Research and optimization of configurable modular thermal management system for multi-ambient temperatures

Abstract

It is crucial to keep the temperature of lithium-ion batteries within a reasonable range. This study presents a configurable modular thermal management system that integrates freely configurable active and passive thermal management modules to meet diverse application demands. A bio-based phase change material (PCM) with a phase transition temperature of 40.1°C was developed for a passive thermal management module. A model of battery thermal management was developed to assess the impacts of PCM geometry and active thermal management parameters on battery pack temperatures. Building on this, the real-world applicability of the thermal management system was evaluated across diverse cities, leading to optimized solutions tailored to each city. The results indicate that increasing the PCM height enhances cooling capacity by 26%, but extends heating time by 75% compared to increasing its width.

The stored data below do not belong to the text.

(* Assume $L_1\subseteq\bigcup_{\alpha\in\Sigma^\kappa}\Sigma^*\alpha\Sigma^*\bar\alpha$ and $L_2\subseteq\bigcup_{\alpha\in\Sigma^\kappa}\alpha\Sigma^*\bar\alpha\Sigma^*$. Let $M=\mathcal{I}\times\mathcal{F}$ where $\mathcal{I},\mathcal{F}$ are the initial and final states of $\mathcal{A}$; for $\mu=(I,F)\in M$ with $F=((d_1,d_2),e_1,e_2,\kappa)$ let $R_\mu$ be the set of labels of paths in $\mathcal{A}$ from $I$ to $F$ and $B_\mu=B(d_1,d_2,e_1,e_2)$. Let $\sigma=\max_{\mu\in M}\lambda_{B_\mu}$, $\rho=\max_{\mu\in M}\lambda_{R_\mu}$, and $\eta=\lambda_{\mathcal{H}_\kappa(L_1,L_2)}$. Then $\eta=\max\{\sigma,\sqrt\rho\}$.
   Context: $\Sigma$ is a finite alphabet with at least two letters with an involution $a\mapsto\bar a$ ($\bar{\bar a}=a$), extended to words by $\overline{a_1\cdots a_m}=\bar a_m\cdots\bar a_1$ and to languages elementwise. $\kappa$ is a fixed positive integer. $\mathcal{H}_\kappa(L_1,L_2)=\{\gamma\alpha\beta\bar\alpha\bar\gamma:|\alpha|\ge\kappa,\ \gamma\alpha\beta\bar\alpha\in L_1\text{ or }\alpha\beta\bar\alpha\bar\gamma\in L_2\}$. $L_1,L_2$ are regular; $\mathcal{A}_1=(Q_1,\Sigma,E_1,\{q_{01}\},F_1)$ is a complete DFA accepting $L_1$, $\mathcal{A}_2=(Q_2,\Sigma,E_2,\{q_{02}\},F_2)$ a complete DFA accepting $\overline{L_2}$; $p\cdot w$ is the state reached from $p$ on $w$. Growth indicator: $\lambda_L=\inf\{\lambda\ge0:\exists c>0\ \forall m: |L\cap\Sigma^m|\le c\lambda^m\}$. Construction of $\mathcal{A}$: $Q_{12}=\{(q_{01}\cdot w,q_{02}\cdot w):w\in\Sigma^*\}$ with $(p_1,p_2)\cdot w=(p_1\cdot w,p_2\cdot w)$. For $(p_1,p_2,q_1,q_2)\in Q_1\times Q_2\times Q_1\times Q_2$ let $B(p_1,p_2,q_1,q_2)=\{w:p_1\cdot w=q_1,\ p_2\cdot\bar w=q_2\}$; the quadruple is a basic bridge if this set is nonempty. States of $\mathcal{A}$ are all $((p_1,p_2),q_1,q_2,\ell)$ with $(p_1,p_2)\in Q_{12}$, $q_i\in Q_i$, $\ell\in\{0,\dots,\kappa\}$, $(p_1,p_2,q_1,q_2)$ a basic bridge. For $a\in\Sigma$, $P\in Q_{12}$, $q_i\in Q_i$, there is an $a$-arc from $(P,q_1\cdot\bar a,q_2\cdot\bar a,\ell)$ to $(P\cdot a,q_1,q_2,\ell')$, provided both are states, exactly when: $\ell=\ell'=0$ and $q_1\cdot\bar a\notin F_1$, $q_2\cdot\bar a\notin F_2$; or $\ell=0,\ell'=1$ and ($q_1\cdot\bar a\in F_1$ or $q_2\cdot\bar a\in F_2$); or $1\le\ell<\kappa$ and $\ell'=\ell+1$. Initial states: $((q_{01},q_{02}),q_1',q_2',0)$; final states: those with $\ell=\kappa$. $\mathcal{A}$ is trimmed: states not reachable from an initial state, or from which no final state is reachable, are removed. *)

theory Defs
  imports Complex_Main
begin

definition wbar :: "('a \<Rightarrow> 'a) \<Rightarrow> 'a list \<Rightarrow> 'a list" where
  "wbar iv w = rev (map iv w)"

definition run :: "('s \<Rightarrow> 'a \<Rightarrow> 's) \<Rightarrow> 's \<Rightarrow> 'a list \<Rightarrow> 's" where
  "run \<delta> q w = foldl \<delta> q w"

definition dfa_lang :: "('s \<Rightarrow> 'a \<Rightarrow> 's) \<Rightarrow> 's \<Rightarrow> 's set \<Rightarrow> 'a list set" where
  "dfa_lang \<delta> q0 F = {w. run \<delta> q0 w \<in> F}"

definition growth :: "'a list set \<Rightarrow> real" where
  "growth L = Inf {l::real. l \<ge> 0 \<and>
      (\<exists>c>0. \<forall>m. real (card {w \<in> L. length w = m}) \<le> c * l ^ m)}"

definition hairpin :: "('a \<Rightarrow> 'a) \<Rightarrow> nat \<Rightarrow> 'a list set \<Rightarrow> 'a list set \<Rightarrow> 'a list set" where
  "hairpin iv \<kappa> L1 L2 = {\<gamma> @ \<alpha> @ \<beta> @ wbar iv \<alpha> @ wbar iv \<gamma> | \<gamma> \<alpha> \<beta>.
      length \<alpha> \<ge> \<kappa> \<and>
      (\<gamma> @ \<alpha> @ \<beta> @ wbar iv \<alpha> \<in> L1 \<or> \<alpha> @ \<beta> @ wbar iv \<alpha> @ wbar iv \<gamma> \<in> L2)}"

definition Q12 :: "('s1 \<Rightarrow> 'a \<Rightarrow> 's1) \<Rightarrow> 's1 \<Rightarrow> ('s2 \<Rightarrow> 'a \<Rightarrow> 's2) \<Rightarrow> 's2 \<Rightarrow> ('s1 \<times> 's2) set" where
  "Q12 \<delta>1 q01 \<delta>2 q02 = {(run \<delta>1 q01 w, run \<delta>2 q02 w) | w. True}"

definition Bset :: "('a \<Rightarrow> 'a) \<Rightarrow> ('s1 \<Rightarrow> 'a \<Rightarrow> 's1) \<Rightarrow> ('s2 \<Rightarrow> 'a \<Rightarrow> 's2)
    \<Rightarrow> 's1 \<Rightarrow> 's2 \<Rightarrow> 's1 \<Rightarrow> 's2 \<Rightarrow> 'a list set" where
  "Bset iv \<delta>1 \<delta>2 p1 p2 q1 q2 = {w. run \<delta>1 p1 w = q1 \<and> run \<delta>2 p2 (wbar iv w) = q2}"

type_synonym ('s1, 's2) hstate = "('s1 \<times> 's2) \<times> 's1 \<times> 's2 \<times> nat"

definition is_state :: "('a \<Rightarrow> 'a) \<Rightarrow> nat \<Rightarrow> ('s1 \<Rightarrow> 'a \<Rightarrow> 's1) \<Rightarrow> 's1
    \<Rightarrow> ('s2 \<Rightarrow> 'a \<Rightarrow> 's2) \<Rightarrow> 's2 \<Rightarrow> ('s1, 's2) hstate \<Rightarrow> bool" where
  "is_state iv \<kappa> \<delta>1 q01 \<delta>2 q02 s = (case s of ((p1, p2), q1, q2, l) \<Rightarrow>
      (p1, p2) \<in> Q12 \<delta>1 q01 \<delta>2 q02 \<and> l \<le> \<kappa> \<and> Bset iv \<delta>1 \<delta>2 p1 p2 q1 q2 \<noteq> {})"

Raising the heating temperature from 35°C to 45°C shortens heating time by 45%, but increases energy consumption by 49%. High-temperature cities require more active thermal management modules, maintaining battery pack temperature less than 45°C at a 42°C ambient temperature. Temperate cities maximize passive module integration, achieving a battery pack temperature of less than 45°C at a 38°C ambient temperature without energy consumption. Low-temperature cities utilize heating plate substitution for an active thermal management module, yielding 10% energy savings. This research provides a reference basis for the direct selection and application of the configurable modular thermal management system in diverse scenarios.